Work task: Using the listing below, print exactly everything from the line with "truncated sums are" down to the line with "Suc.IH x by auto", both included, and nothing more.

The data:
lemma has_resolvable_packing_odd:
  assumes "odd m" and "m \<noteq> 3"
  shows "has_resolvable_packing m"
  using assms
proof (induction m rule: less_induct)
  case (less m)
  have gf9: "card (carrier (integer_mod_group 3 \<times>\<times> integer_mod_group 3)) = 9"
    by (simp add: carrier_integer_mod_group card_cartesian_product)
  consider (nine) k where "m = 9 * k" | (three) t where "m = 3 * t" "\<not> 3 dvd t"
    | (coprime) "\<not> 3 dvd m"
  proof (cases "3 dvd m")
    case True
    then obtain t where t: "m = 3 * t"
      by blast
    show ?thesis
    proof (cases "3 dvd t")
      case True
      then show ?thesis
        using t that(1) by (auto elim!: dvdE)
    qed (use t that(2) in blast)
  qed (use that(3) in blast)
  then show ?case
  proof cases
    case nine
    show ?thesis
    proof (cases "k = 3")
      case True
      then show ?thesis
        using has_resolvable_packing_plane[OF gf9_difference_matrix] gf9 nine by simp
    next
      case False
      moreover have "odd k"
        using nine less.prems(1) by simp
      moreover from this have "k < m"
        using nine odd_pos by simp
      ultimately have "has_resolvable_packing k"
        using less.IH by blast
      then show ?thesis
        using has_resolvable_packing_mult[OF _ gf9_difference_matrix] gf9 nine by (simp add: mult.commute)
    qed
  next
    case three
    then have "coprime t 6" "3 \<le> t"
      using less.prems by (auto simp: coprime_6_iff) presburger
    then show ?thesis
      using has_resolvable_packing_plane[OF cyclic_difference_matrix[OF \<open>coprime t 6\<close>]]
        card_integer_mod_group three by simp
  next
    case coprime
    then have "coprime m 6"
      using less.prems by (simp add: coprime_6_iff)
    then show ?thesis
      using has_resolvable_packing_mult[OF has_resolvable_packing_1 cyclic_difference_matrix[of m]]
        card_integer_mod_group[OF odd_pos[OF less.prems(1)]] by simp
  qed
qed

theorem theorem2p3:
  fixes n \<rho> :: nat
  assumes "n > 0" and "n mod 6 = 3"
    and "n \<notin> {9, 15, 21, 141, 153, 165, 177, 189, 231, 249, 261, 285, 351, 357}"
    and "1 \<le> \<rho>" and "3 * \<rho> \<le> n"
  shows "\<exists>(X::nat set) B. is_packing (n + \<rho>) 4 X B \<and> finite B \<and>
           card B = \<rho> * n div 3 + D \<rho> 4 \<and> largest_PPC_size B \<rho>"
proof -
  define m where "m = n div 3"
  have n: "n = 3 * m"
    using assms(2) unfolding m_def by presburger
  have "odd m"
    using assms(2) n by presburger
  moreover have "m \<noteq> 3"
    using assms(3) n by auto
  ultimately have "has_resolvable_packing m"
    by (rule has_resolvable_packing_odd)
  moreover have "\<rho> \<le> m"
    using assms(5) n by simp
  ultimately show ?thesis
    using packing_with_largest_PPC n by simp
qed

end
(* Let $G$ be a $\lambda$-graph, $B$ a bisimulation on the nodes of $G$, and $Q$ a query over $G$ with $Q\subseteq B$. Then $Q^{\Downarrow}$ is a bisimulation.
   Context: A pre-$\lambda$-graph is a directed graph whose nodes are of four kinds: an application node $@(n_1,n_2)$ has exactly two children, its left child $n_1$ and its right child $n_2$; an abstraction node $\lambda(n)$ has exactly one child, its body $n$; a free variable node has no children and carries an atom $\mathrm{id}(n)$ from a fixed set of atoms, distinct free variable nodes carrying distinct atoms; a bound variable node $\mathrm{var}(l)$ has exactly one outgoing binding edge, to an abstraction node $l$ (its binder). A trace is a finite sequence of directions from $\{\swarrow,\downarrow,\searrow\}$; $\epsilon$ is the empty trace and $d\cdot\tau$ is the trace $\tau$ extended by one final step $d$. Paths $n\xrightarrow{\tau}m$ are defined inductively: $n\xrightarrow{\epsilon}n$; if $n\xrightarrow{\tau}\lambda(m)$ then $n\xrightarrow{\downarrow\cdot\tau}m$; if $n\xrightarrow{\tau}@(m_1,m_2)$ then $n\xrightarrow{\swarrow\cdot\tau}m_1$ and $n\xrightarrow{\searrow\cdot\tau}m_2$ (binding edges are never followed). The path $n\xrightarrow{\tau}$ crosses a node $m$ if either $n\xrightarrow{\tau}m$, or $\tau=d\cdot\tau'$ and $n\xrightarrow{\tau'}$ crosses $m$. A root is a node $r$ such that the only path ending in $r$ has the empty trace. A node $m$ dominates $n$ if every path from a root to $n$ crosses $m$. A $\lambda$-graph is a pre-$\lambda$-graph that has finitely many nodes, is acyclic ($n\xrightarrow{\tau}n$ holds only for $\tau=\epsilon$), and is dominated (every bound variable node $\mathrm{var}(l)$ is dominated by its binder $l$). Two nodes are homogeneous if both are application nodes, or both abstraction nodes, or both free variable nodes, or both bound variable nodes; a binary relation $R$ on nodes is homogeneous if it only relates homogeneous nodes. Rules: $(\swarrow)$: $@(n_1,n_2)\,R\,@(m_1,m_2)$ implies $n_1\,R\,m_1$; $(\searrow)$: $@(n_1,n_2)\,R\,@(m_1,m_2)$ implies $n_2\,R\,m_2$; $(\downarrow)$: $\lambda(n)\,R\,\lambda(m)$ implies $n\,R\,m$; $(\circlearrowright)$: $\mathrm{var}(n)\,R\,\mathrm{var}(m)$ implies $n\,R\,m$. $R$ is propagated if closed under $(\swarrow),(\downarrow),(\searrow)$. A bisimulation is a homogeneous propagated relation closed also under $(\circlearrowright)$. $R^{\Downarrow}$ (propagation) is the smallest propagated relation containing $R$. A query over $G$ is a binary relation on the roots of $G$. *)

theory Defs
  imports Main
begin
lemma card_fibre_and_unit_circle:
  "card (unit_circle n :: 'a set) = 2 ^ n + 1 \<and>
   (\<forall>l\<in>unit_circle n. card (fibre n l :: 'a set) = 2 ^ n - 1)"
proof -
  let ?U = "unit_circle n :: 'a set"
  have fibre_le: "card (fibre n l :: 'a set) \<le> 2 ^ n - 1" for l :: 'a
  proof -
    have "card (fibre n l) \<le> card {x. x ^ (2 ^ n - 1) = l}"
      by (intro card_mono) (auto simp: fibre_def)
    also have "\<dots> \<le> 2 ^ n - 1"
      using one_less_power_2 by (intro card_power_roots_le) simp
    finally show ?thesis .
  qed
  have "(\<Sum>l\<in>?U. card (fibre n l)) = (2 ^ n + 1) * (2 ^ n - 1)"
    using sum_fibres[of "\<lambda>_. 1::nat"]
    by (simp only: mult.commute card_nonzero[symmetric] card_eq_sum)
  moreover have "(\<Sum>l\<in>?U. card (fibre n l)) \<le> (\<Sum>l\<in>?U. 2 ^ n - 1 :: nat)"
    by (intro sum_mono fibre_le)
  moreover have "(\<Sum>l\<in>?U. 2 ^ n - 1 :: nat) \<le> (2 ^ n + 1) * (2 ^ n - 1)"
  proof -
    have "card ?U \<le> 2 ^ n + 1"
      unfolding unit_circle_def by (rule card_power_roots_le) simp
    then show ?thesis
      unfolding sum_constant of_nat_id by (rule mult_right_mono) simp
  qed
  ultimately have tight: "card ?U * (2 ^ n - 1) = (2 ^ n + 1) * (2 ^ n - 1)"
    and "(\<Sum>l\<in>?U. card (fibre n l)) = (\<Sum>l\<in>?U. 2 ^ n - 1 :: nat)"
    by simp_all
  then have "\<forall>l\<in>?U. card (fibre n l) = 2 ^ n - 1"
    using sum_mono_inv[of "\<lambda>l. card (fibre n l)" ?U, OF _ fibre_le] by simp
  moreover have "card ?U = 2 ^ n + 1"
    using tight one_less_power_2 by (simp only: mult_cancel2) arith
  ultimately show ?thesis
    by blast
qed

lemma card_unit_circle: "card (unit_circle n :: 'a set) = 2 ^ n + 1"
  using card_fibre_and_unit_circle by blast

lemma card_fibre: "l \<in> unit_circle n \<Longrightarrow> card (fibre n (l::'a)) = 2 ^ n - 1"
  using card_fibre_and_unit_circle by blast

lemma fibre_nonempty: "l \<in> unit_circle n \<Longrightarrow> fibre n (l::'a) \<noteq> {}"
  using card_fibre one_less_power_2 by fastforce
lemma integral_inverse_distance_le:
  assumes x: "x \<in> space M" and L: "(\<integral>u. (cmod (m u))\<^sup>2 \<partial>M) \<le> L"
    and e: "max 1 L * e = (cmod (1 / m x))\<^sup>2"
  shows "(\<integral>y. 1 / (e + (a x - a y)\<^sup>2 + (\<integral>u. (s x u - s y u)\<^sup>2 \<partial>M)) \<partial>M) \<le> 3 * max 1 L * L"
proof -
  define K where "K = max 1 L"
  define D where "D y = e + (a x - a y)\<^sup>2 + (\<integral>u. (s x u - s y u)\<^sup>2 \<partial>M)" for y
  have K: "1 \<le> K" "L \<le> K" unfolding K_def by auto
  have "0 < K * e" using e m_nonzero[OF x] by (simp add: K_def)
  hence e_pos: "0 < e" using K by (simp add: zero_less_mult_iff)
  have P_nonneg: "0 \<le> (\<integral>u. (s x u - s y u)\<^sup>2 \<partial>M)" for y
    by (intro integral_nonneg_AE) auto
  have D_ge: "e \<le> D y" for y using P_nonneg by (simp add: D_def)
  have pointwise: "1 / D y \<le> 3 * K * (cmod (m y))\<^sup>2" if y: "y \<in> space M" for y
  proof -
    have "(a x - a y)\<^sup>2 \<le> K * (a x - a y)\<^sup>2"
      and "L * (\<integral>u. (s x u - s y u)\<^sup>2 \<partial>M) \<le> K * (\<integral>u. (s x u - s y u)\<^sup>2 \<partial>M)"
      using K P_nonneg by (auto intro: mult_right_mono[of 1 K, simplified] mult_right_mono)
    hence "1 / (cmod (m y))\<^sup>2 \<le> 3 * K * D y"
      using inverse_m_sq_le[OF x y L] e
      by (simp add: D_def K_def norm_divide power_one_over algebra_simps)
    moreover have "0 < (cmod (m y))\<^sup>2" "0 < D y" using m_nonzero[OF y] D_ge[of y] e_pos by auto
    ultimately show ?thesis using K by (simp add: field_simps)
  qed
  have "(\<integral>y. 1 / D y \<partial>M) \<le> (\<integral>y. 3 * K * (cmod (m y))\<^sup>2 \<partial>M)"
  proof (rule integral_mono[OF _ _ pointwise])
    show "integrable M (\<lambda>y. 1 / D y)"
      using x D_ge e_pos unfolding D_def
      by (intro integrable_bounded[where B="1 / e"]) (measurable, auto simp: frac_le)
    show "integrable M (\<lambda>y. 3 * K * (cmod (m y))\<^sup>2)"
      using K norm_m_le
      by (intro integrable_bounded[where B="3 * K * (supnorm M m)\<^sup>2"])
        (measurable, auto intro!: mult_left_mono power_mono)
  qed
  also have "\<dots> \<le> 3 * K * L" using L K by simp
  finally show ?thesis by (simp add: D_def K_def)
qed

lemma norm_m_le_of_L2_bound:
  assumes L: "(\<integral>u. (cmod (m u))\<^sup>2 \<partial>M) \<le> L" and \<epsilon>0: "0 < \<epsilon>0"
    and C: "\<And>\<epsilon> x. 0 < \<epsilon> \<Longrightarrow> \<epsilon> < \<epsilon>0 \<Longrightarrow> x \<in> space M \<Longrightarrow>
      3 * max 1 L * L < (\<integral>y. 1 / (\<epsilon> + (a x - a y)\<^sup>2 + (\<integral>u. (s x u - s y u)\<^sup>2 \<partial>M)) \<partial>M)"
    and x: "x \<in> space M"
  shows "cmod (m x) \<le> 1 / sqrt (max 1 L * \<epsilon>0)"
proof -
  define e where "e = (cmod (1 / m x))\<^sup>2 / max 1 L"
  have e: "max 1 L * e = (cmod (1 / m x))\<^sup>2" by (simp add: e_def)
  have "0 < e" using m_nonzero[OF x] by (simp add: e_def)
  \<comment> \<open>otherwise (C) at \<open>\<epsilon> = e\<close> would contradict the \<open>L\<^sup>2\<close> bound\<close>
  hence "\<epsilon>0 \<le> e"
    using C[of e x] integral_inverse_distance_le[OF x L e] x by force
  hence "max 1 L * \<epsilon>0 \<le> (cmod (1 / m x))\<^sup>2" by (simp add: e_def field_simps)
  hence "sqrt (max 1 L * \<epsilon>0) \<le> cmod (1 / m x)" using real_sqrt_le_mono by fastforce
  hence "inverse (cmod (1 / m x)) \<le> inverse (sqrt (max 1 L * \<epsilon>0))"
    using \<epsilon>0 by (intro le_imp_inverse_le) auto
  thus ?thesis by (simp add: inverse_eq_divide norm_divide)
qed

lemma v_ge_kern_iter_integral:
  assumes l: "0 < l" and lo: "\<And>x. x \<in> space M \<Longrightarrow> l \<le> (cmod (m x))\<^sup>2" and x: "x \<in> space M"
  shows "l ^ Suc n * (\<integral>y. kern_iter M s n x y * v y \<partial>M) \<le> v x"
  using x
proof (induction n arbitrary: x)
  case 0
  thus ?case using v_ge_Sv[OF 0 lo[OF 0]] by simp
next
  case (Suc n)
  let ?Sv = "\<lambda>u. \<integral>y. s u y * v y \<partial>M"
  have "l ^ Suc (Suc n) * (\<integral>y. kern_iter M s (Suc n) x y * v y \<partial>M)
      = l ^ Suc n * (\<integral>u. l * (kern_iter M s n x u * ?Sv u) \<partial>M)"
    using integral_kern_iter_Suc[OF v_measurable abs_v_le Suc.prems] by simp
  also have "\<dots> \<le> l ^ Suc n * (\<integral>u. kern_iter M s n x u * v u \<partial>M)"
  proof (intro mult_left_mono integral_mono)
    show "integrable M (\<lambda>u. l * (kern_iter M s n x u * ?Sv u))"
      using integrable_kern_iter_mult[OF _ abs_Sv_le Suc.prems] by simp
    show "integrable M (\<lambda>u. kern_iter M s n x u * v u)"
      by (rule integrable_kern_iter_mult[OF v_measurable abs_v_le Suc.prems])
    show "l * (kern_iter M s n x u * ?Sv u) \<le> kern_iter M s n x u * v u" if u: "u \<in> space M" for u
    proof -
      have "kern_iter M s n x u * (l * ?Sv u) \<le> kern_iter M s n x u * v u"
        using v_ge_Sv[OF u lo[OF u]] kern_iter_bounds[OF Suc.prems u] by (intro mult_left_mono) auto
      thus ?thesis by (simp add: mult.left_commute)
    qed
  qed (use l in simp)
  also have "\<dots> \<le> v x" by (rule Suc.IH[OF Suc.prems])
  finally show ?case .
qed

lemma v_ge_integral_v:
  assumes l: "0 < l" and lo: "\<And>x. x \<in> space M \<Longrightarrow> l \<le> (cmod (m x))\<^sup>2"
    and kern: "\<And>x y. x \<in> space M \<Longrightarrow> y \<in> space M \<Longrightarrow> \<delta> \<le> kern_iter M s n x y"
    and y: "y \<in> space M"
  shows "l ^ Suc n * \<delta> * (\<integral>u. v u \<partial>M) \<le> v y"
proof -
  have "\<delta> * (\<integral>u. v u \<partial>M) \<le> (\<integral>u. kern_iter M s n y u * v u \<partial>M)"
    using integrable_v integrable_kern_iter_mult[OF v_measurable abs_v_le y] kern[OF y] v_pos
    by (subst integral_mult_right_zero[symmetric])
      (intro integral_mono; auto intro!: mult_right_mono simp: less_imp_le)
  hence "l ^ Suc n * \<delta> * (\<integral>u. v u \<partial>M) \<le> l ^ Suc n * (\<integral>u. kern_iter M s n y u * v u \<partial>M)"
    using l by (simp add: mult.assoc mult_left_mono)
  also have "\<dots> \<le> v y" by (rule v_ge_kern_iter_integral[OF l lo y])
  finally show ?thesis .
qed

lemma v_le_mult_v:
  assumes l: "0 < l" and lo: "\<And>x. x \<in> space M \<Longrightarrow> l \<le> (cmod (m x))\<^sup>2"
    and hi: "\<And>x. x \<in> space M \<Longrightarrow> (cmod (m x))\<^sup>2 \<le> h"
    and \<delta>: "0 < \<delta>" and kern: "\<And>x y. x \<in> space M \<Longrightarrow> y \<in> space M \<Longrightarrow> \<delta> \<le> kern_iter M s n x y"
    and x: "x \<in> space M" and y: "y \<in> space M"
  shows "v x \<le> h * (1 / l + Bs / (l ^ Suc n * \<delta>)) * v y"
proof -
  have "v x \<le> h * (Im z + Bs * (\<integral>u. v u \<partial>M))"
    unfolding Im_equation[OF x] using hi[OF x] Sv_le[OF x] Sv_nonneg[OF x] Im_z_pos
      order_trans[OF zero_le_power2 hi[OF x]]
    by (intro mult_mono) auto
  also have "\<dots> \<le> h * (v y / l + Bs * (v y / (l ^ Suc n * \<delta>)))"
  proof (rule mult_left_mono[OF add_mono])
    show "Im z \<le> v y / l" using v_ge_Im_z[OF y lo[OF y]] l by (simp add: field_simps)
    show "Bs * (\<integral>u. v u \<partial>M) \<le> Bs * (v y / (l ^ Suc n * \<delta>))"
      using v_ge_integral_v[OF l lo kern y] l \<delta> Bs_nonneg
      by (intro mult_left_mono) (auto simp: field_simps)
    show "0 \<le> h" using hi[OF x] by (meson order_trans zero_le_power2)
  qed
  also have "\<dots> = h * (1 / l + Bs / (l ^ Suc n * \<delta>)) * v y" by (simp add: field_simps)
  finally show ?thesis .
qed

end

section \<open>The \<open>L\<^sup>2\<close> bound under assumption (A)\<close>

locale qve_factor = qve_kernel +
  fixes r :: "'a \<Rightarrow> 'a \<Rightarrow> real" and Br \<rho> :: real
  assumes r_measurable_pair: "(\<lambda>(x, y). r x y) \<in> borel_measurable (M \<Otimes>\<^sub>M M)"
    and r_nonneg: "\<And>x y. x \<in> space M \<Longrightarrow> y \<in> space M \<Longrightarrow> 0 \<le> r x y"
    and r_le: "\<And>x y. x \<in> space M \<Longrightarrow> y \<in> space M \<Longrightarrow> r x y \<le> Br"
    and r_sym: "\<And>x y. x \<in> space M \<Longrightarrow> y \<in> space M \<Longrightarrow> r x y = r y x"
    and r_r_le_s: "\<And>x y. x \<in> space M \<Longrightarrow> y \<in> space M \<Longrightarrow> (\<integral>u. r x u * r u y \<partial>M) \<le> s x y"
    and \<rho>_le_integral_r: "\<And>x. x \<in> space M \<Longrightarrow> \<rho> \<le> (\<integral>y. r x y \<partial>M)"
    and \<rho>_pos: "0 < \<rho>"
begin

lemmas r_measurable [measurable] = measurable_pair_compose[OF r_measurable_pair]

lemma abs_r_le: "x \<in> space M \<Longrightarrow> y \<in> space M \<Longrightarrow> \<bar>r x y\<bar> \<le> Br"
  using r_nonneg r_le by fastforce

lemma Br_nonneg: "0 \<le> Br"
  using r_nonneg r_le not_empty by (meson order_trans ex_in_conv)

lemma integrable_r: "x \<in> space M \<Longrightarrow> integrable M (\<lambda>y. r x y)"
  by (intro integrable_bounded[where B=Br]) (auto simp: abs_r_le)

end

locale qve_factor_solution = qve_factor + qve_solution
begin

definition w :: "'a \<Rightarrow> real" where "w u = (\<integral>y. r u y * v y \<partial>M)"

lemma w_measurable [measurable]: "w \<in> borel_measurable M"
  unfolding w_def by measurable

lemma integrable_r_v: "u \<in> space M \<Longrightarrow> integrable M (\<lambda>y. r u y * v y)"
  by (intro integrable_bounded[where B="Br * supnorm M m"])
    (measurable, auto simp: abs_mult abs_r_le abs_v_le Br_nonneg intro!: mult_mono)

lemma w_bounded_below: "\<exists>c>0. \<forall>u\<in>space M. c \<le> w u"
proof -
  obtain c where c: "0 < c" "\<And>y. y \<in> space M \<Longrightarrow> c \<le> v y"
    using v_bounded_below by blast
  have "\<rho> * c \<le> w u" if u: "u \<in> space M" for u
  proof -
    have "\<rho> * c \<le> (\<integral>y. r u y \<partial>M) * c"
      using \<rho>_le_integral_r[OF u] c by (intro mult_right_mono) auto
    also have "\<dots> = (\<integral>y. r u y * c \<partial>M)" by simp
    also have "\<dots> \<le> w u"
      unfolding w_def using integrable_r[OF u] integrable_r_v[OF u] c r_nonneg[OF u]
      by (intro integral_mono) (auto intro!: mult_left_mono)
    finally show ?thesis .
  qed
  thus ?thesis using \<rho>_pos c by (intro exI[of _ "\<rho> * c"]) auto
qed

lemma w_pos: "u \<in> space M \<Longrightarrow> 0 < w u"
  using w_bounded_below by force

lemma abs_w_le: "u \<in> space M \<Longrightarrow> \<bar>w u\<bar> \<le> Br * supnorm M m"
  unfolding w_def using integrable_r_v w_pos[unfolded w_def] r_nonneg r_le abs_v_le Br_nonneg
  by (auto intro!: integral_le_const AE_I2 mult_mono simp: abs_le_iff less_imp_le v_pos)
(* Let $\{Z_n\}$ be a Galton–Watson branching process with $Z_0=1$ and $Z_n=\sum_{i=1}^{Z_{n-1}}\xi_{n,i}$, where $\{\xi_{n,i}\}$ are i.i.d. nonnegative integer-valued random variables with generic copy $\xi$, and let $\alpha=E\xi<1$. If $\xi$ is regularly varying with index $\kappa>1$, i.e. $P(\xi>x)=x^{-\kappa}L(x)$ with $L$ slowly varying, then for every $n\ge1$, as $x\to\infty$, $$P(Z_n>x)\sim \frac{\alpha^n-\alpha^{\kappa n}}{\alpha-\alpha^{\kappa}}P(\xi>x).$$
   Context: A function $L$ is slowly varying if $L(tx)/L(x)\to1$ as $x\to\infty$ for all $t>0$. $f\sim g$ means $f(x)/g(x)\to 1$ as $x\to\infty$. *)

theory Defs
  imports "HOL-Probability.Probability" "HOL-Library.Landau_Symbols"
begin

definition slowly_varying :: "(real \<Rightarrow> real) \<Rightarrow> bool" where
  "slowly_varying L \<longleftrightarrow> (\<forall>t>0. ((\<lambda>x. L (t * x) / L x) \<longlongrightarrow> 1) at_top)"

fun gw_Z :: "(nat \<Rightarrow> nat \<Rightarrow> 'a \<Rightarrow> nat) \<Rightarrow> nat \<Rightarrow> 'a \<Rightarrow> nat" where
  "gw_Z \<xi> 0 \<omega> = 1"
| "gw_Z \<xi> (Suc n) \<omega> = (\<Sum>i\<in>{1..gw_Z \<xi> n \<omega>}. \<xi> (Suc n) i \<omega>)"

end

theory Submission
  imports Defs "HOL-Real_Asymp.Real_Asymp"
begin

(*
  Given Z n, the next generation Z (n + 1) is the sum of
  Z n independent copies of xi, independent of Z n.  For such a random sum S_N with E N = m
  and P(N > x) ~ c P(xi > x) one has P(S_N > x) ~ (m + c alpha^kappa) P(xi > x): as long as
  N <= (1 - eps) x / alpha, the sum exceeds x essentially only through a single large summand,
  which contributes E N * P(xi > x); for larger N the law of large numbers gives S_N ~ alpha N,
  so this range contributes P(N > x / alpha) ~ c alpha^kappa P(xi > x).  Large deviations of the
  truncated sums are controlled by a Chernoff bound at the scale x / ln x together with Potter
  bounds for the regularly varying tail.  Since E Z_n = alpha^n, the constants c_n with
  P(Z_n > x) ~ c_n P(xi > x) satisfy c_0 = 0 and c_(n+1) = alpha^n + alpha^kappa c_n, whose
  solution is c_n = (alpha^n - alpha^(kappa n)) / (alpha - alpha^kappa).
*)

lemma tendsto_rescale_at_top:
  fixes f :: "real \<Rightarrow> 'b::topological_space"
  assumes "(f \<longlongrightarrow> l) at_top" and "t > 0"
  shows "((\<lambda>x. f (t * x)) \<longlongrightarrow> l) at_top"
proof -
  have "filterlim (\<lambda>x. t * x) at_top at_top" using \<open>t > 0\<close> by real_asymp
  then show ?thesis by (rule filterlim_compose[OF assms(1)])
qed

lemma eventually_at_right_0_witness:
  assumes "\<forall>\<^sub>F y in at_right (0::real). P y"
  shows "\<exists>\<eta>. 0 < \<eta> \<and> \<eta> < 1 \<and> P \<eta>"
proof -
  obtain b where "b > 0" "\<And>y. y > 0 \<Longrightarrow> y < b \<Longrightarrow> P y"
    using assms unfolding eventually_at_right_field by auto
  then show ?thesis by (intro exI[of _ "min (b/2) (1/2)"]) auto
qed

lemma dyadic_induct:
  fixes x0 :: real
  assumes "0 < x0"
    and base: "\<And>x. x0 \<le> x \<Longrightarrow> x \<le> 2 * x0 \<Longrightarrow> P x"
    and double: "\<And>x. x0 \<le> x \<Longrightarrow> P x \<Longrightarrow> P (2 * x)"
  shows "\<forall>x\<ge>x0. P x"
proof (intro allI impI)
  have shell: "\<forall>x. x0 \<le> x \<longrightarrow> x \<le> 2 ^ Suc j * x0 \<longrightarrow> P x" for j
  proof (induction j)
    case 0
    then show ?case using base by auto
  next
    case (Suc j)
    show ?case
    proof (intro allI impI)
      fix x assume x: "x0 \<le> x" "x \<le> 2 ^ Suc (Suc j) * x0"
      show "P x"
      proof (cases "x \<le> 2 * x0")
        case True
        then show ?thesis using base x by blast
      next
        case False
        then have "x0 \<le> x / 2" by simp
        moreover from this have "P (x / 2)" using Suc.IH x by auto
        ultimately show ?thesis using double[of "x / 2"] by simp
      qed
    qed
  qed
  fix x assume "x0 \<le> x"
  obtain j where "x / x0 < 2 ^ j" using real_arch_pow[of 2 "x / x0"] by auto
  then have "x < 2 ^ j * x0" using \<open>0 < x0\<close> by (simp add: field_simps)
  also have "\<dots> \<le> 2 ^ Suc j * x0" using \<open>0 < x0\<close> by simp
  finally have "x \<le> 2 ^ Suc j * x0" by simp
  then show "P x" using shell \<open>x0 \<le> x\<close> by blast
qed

Solution below:
  truncated sums are controlled by a Chernoff bound at the scale x / ln x together with Potter
  bounds for the regularly varying tail.  Since E Z_n = alpha^n, the constants c_n with
  P(Z_n > x) ~ c_n P(xi > x) satisfy c_0 = 0 and c_(n+1) = alpha^n + alpha^kappa c_n, whose
  solution is c_n = (alpha^n - alpha^(kappa n)) / (alpha - alpha^kappa).
*)

lemma tendsto_rescale_at_top:
  fixes f :: "real \<Rightarrow> 'b::topological_space"
  assumes "(f \<longlongrightarrow> l) at_top" and "t > 0"
  shows "((\<lambda>x. f (t * x)) \<longlongrightarrow> l) at_top"
proof -
  have "filterlim (\<lambda>x. t * x) at_top at_top" using \<open>t > 0\<close> by real_asymp
  then show ?thesis by (rule filterlim_compose[OF assms(1)])
qed

lemma eventually_at_right_0_witness:
  assumes "\<forall>\<^sub>F y in at_right (0::real). P y"
  shows "\<exists>\<eta>. 0 < \<eta> \<and> \<eta> < 1 \<and> P \<eta>"
proof -
  obtain b where "b > 0" "\<And>y. y > 0 \<Longrightarrow> y < b \<Longrightarrow> P y"
    using assms unfolding eventually_at_right_field by auto
  then show ?thesis by (intro exI[of _ "min (b/2) (1/2)"]) auto
qed

lemma dyadic_induct:
  fixes x0 :: real
  assumes "0 < x0"
    and base: "\<And>x. x0 \<le> x \<Longrightarrow> x \<le> 2 * x0 \<Longrightarrow> P x"
    and double: "\<And>x. x0 \<le> x \<Longrightarrow> P x \<Longrightarrow> P (2 * x)"
  shows "\<forall>x\<ge>x0. P x"
proof (intro allI impI)
  have shell: "\<forall>x. x0 \<le> x \<longrightarrow> x \<le> 2 ^ Suc j * x0 \<longrightarrow> P x" for j
  proof (induction j)
    case 0
    then show ?case using base by auto
  next
    case (Suc j)
    show ?case
    proof (intro allI impI)
      fix x assume x: "x0 \<le> x" "x \<le> 2 ^ Suc (Suc j) * x0"
      show "P x"
      proof (cases "x \<le> 2 * x0")
        case True
        then show ?thesis using base x by blast
      next
        case False
        then have "x0 \<le> x / 2" by simp
        moreover from this have "P (x / 2)" using Suc.IH x by auto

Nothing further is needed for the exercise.